(Beginning of EXTRACTED ENTRIES)
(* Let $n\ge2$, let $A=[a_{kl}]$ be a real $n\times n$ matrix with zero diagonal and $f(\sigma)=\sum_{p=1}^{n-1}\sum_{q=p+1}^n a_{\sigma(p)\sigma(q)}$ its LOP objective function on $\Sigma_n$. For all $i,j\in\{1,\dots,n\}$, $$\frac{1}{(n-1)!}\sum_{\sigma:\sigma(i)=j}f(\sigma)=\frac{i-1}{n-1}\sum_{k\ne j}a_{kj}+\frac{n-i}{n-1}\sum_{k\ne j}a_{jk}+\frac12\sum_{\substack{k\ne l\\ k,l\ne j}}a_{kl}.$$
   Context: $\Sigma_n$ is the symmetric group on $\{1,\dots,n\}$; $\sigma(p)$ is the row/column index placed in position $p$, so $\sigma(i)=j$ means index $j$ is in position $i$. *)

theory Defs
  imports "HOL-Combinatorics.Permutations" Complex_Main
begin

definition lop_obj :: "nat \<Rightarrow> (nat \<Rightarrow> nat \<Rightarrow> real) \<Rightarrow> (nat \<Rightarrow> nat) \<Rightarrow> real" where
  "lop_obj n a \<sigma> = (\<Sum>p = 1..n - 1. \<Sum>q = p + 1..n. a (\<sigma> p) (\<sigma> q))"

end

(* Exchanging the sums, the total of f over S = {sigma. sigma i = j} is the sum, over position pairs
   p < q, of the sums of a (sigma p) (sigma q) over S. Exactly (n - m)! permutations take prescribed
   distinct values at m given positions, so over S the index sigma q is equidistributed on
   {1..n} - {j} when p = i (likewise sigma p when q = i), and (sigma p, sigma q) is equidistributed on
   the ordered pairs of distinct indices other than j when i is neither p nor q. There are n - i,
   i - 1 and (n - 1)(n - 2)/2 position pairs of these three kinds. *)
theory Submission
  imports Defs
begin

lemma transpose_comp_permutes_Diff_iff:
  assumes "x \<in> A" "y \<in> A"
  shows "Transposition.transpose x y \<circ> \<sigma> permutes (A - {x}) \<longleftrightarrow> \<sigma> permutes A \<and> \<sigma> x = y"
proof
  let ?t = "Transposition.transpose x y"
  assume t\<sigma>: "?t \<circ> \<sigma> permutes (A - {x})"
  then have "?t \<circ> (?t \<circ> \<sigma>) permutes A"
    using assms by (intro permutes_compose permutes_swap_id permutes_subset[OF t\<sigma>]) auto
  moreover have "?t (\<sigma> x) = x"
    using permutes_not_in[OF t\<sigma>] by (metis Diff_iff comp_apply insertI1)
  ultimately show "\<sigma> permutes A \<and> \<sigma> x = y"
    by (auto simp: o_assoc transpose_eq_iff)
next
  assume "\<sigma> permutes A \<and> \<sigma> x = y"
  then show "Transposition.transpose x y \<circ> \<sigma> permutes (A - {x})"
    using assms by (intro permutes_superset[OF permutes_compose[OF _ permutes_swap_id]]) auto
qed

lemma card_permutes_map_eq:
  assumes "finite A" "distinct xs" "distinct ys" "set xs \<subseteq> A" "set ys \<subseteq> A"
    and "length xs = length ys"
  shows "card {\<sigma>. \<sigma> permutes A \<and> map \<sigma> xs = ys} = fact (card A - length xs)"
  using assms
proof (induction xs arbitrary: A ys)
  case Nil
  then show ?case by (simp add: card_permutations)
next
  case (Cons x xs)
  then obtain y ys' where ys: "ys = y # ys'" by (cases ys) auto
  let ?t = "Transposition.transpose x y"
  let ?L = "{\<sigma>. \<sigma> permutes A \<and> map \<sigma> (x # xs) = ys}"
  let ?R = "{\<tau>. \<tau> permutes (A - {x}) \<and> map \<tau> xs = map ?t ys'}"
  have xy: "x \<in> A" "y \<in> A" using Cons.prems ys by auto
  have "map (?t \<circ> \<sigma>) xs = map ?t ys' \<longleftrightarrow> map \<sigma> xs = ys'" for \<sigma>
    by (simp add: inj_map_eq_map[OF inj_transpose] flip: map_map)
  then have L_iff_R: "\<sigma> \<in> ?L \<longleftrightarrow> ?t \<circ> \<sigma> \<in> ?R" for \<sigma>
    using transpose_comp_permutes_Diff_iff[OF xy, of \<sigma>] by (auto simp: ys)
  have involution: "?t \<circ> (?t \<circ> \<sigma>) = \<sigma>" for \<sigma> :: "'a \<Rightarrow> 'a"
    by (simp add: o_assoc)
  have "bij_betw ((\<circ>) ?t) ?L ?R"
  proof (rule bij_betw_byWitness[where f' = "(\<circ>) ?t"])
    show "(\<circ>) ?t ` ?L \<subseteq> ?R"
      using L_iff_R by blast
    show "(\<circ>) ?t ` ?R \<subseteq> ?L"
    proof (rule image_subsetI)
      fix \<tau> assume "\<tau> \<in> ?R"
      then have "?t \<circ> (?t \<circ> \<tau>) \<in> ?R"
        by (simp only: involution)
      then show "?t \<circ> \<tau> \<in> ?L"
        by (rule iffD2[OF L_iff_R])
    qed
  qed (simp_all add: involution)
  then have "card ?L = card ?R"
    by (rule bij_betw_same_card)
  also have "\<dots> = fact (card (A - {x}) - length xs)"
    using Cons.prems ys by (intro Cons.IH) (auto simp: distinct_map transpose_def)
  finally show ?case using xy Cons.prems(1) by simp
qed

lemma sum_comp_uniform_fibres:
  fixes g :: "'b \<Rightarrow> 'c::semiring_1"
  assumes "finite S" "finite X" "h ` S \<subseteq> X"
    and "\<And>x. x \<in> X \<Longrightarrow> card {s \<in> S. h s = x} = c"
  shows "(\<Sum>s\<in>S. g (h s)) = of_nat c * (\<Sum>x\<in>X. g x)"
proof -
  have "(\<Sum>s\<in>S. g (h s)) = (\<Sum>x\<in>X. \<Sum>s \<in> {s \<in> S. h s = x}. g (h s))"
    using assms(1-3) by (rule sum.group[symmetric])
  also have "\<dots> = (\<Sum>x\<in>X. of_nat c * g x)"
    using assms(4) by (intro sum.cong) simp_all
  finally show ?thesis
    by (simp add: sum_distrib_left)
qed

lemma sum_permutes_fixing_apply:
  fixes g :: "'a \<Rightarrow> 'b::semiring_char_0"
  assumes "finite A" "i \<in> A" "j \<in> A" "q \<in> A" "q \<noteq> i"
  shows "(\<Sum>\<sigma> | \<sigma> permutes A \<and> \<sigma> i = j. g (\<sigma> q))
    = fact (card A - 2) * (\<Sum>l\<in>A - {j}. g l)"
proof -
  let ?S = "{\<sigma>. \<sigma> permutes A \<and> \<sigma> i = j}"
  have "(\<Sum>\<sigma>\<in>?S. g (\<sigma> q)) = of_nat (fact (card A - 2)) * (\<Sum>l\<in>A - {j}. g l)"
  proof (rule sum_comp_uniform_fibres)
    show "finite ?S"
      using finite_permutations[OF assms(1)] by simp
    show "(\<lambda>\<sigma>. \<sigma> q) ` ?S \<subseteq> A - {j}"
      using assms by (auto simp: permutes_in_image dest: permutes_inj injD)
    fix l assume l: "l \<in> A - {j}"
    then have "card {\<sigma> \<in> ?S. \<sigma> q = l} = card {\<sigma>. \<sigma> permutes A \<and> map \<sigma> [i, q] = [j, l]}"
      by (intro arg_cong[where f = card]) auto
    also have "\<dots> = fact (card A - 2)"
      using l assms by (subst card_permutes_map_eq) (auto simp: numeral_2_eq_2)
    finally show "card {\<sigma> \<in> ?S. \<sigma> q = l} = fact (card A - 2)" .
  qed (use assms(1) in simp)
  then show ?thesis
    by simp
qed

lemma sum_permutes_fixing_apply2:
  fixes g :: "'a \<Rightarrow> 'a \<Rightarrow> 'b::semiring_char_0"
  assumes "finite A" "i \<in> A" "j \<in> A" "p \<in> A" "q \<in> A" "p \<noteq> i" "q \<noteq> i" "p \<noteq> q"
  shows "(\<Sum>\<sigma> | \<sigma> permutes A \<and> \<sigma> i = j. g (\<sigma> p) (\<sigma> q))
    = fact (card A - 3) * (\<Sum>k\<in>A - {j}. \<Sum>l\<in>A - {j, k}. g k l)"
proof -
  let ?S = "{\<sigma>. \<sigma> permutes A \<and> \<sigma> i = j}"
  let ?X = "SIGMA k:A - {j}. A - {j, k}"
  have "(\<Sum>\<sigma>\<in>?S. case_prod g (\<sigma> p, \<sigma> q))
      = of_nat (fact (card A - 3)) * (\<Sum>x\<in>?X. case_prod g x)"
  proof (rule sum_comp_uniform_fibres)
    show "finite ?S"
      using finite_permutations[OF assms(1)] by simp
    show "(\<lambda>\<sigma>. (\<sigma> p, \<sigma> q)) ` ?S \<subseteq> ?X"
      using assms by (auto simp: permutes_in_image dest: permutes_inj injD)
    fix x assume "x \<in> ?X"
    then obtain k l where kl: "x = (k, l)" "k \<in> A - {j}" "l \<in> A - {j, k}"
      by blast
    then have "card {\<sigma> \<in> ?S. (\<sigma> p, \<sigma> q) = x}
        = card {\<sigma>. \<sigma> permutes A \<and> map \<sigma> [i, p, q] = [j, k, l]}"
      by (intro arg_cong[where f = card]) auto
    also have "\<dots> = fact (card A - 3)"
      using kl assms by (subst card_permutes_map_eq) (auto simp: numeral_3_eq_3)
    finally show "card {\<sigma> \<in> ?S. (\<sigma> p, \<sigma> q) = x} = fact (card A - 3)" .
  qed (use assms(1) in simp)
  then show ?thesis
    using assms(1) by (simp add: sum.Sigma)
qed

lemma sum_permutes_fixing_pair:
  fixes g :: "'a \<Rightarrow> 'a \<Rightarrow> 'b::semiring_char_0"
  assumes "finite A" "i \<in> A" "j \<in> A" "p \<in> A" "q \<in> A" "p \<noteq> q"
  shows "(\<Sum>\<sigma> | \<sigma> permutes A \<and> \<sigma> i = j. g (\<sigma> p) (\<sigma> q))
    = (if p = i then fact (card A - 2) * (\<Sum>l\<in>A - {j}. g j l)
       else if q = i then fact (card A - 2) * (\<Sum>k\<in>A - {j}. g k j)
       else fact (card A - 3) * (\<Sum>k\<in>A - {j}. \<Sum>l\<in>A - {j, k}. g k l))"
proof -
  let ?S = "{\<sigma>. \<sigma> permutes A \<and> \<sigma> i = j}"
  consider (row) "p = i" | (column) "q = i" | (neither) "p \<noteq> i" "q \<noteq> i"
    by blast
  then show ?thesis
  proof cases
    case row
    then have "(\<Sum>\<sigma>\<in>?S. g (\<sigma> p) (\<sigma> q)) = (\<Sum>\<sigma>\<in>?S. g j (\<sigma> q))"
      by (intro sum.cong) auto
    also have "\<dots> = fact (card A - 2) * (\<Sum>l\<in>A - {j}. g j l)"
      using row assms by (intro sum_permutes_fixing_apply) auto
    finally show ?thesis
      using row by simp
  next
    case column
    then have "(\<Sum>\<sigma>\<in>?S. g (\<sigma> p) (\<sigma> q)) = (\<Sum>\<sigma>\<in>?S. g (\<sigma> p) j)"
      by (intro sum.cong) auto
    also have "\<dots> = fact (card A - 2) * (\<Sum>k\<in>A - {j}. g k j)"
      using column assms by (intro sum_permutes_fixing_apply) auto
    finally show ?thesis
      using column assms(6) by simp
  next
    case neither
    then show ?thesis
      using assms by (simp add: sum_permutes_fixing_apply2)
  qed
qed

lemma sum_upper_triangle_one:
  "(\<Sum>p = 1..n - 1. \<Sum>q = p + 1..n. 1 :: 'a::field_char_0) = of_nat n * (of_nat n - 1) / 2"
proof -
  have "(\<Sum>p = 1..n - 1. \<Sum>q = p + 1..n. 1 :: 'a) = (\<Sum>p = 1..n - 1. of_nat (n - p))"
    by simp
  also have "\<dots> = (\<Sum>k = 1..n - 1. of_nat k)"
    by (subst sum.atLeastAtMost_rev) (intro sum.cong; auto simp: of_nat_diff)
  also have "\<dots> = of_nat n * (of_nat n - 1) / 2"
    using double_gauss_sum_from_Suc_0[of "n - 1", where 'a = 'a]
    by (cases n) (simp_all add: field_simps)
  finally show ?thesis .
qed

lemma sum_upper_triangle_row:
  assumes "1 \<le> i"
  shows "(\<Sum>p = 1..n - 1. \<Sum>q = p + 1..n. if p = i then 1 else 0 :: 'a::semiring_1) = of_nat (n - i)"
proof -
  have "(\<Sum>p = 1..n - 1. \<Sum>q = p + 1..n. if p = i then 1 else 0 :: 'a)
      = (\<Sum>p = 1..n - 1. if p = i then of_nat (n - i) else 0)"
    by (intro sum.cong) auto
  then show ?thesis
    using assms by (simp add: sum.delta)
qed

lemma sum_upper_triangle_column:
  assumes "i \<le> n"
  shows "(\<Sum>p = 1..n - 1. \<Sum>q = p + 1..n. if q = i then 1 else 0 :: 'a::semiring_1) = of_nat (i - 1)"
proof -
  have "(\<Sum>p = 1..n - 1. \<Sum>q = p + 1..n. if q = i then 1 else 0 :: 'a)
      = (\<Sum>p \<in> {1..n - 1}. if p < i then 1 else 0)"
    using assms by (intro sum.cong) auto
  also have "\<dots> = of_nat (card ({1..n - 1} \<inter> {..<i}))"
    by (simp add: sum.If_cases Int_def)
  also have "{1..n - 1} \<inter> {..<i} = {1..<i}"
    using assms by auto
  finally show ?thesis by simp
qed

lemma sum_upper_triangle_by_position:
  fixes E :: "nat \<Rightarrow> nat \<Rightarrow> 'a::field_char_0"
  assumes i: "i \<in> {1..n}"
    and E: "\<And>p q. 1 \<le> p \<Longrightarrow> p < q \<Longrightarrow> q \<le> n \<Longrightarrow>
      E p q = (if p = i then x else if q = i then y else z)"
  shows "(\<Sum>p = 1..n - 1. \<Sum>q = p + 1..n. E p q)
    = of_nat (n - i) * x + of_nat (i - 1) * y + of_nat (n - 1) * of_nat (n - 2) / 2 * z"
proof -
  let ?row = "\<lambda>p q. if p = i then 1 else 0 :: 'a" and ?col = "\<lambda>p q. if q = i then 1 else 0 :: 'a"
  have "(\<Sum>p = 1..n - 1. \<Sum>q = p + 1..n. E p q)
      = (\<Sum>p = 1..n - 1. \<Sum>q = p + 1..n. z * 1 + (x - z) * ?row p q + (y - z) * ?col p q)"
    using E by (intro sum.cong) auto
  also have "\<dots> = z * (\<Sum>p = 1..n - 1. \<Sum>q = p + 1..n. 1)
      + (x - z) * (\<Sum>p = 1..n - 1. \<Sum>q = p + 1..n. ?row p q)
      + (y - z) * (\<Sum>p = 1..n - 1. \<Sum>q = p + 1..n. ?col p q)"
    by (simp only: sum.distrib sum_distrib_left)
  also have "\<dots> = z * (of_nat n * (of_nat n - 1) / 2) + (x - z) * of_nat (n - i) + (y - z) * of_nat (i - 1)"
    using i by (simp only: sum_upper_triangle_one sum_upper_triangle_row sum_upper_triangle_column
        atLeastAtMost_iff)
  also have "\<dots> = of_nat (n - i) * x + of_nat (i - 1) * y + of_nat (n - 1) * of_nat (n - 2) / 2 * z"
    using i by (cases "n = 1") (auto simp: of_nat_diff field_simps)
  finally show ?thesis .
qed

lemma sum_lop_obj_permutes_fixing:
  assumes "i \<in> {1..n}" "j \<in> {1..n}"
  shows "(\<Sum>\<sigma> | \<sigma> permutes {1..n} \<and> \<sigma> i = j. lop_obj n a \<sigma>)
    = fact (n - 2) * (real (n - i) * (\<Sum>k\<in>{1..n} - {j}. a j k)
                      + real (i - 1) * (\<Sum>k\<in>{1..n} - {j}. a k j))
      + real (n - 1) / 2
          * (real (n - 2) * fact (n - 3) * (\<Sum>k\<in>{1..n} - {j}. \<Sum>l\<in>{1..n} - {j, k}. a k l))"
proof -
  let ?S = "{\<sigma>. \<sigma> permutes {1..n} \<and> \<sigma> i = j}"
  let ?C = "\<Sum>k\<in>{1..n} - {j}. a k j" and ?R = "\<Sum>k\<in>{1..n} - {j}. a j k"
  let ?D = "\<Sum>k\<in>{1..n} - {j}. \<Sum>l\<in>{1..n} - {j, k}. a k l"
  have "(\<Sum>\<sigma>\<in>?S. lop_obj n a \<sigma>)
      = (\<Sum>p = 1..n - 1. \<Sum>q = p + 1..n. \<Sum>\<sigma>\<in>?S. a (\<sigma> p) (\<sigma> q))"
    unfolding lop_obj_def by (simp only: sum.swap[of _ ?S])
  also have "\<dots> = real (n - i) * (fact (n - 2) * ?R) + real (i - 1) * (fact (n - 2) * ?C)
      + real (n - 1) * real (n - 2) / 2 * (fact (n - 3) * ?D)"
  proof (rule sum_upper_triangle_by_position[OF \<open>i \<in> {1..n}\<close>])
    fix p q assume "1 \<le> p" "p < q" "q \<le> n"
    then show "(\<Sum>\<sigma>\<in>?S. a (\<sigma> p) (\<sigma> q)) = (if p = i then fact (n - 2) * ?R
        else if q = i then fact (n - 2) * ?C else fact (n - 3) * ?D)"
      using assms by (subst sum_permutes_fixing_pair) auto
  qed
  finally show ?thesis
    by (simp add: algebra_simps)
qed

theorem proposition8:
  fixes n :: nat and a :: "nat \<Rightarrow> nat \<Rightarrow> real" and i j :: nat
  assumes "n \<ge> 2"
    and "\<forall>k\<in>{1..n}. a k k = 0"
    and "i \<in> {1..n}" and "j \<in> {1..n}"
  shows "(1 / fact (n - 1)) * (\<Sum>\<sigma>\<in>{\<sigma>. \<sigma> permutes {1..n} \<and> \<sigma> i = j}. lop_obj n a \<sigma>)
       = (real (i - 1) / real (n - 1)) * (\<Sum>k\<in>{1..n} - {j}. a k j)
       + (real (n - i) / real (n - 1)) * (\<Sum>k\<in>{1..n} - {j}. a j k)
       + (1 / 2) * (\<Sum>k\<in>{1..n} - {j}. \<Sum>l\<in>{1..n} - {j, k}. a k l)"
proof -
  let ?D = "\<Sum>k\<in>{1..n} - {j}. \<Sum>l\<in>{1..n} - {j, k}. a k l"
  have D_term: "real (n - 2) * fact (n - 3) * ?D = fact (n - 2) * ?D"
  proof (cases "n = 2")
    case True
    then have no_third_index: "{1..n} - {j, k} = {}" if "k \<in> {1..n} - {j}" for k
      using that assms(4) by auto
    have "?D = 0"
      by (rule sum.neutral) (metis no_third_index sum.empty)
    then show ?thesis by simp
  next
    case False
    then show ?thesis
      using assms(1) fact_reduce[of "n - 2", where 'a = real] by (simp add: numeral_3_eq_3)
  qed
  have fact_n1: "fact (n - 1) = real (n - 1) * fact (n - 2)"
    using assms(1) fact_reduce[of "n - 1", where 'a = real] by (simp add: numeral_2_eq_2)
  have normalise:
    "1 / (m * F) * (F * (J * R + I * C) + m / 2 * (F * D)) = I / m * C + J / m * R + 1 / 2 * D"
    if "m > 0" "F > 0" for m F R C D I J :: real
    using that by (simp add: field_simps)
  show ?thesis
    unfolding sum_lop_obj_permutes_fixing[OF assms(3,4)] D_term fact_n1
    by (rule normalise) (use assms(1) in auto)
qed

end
(End of EXTRACTED ENTRIES)
(Beginning of EXTRACTED ENTRIES)
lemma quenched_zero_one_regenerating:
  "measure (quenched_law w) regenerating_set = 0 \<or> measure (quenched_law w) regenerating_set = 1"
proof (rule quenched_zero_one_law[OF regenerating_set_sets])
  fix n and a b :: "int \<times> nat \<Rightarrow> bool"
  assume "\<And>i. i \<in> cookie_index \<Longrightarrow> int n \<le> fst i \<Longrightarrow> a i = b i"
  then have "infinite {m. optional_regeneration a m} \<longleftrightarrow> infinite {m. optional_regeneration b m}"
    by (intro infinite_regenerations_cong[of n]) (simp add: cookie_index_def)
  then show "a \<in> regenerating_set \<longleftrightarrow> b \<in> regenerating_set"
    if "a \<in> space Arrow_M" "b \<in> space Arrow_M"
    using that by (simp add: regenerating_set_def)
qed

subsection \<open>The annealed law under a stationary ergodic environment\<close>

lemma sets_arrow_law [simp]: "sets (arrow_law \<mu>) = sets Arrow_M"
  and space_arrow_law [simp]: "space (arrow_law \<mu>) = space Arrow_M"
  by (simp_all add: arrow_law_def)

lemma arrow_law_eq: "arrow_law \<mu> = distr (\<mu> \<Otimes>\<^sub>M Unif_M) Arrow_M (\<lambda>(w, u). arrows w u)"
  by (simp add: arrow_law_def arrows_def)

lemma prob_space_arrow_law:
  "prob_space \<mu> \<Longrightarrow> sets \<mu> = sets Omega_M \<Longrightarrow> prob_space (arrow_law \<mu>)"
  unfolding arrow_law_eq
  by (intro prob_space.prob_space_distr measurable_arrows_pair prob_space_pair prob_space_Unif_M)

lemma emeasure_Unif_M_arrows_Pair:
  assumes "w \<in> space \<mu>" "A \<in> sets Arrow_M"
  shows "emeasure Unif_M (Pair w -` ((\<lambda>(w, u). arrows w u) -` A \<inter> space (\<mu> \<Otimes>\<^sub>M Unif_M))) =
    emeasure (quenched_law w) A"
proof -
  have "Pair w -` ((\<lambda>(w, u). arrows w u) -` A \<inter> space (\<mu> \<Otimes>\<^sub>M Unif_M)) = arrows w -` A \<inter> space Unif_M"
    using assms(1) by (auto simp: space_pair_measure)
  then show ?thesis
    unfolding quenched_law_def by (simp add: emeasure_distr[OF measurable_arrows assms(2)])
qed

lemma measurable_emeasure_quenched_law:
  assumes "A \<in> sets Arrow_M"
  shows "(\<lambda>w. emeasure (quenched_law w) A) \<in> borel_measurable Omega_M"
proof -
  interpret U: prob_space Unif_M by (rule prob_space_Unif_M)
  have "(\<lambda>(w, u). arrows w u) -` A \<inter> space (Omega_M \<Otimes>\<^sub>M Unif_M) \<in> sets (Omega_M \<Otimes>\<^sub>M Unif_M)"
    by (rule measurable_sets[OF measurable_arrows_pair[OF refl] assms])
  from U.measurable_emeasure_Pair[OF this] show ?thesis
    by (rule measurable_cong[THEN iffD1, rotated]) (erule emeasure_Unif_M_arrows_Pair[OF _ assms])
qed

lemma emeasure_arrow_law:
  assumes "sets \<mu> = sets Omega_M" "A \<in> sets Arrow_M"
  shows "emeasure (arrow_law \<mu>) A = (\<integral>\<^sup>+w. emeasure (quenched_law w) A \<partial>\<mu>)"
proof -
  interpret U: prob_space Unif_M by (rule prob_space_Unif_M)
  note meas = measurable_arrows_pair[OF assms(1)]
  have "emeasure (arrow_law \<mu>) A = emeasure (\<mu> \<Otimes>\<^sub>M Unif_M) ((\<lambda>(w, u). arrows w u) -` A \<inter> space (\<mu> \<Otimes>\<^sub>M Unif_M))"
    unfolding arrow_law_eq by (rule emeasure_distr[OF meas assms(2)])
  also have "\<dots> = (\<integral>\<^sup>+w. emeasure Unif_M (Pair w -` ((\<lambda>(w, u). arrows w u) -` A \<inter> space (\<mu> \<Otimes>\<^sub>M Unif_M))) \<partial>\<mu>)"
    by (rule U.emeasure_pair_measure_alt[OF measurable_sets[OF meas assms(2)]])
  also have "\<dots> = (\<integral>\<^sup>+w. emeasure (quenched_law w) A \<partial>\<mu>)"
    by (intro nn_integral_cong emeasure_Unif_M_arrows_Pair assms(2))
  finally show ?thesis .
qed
(End of EXTRACTED ENTRIES)
REQUIRED WORK:
In the entries above, the lines between the one holding "(\<Sum>k = 1..n" and the one holding "by (cases n) (simp_all add: field_simps)", inclusive, are to be printed exactly as written, and those alone.

SOLUTION TO THIS TASK:
  also have "\<dots> = (\<Sum>k = 1..n - 1. of_nat k)"
    by (subst sum.atLeastAtMost_rev) (intro sum.cong; auto simp: of_nat_diff)
  also have "\<dots> = of_nat n * (of_nat n - 1) / 2"
    using double_gauss_sum_from_Suc_0[of "n - 1", where 'a = 'a]
    by (cases n) (simp_all add: field_simps)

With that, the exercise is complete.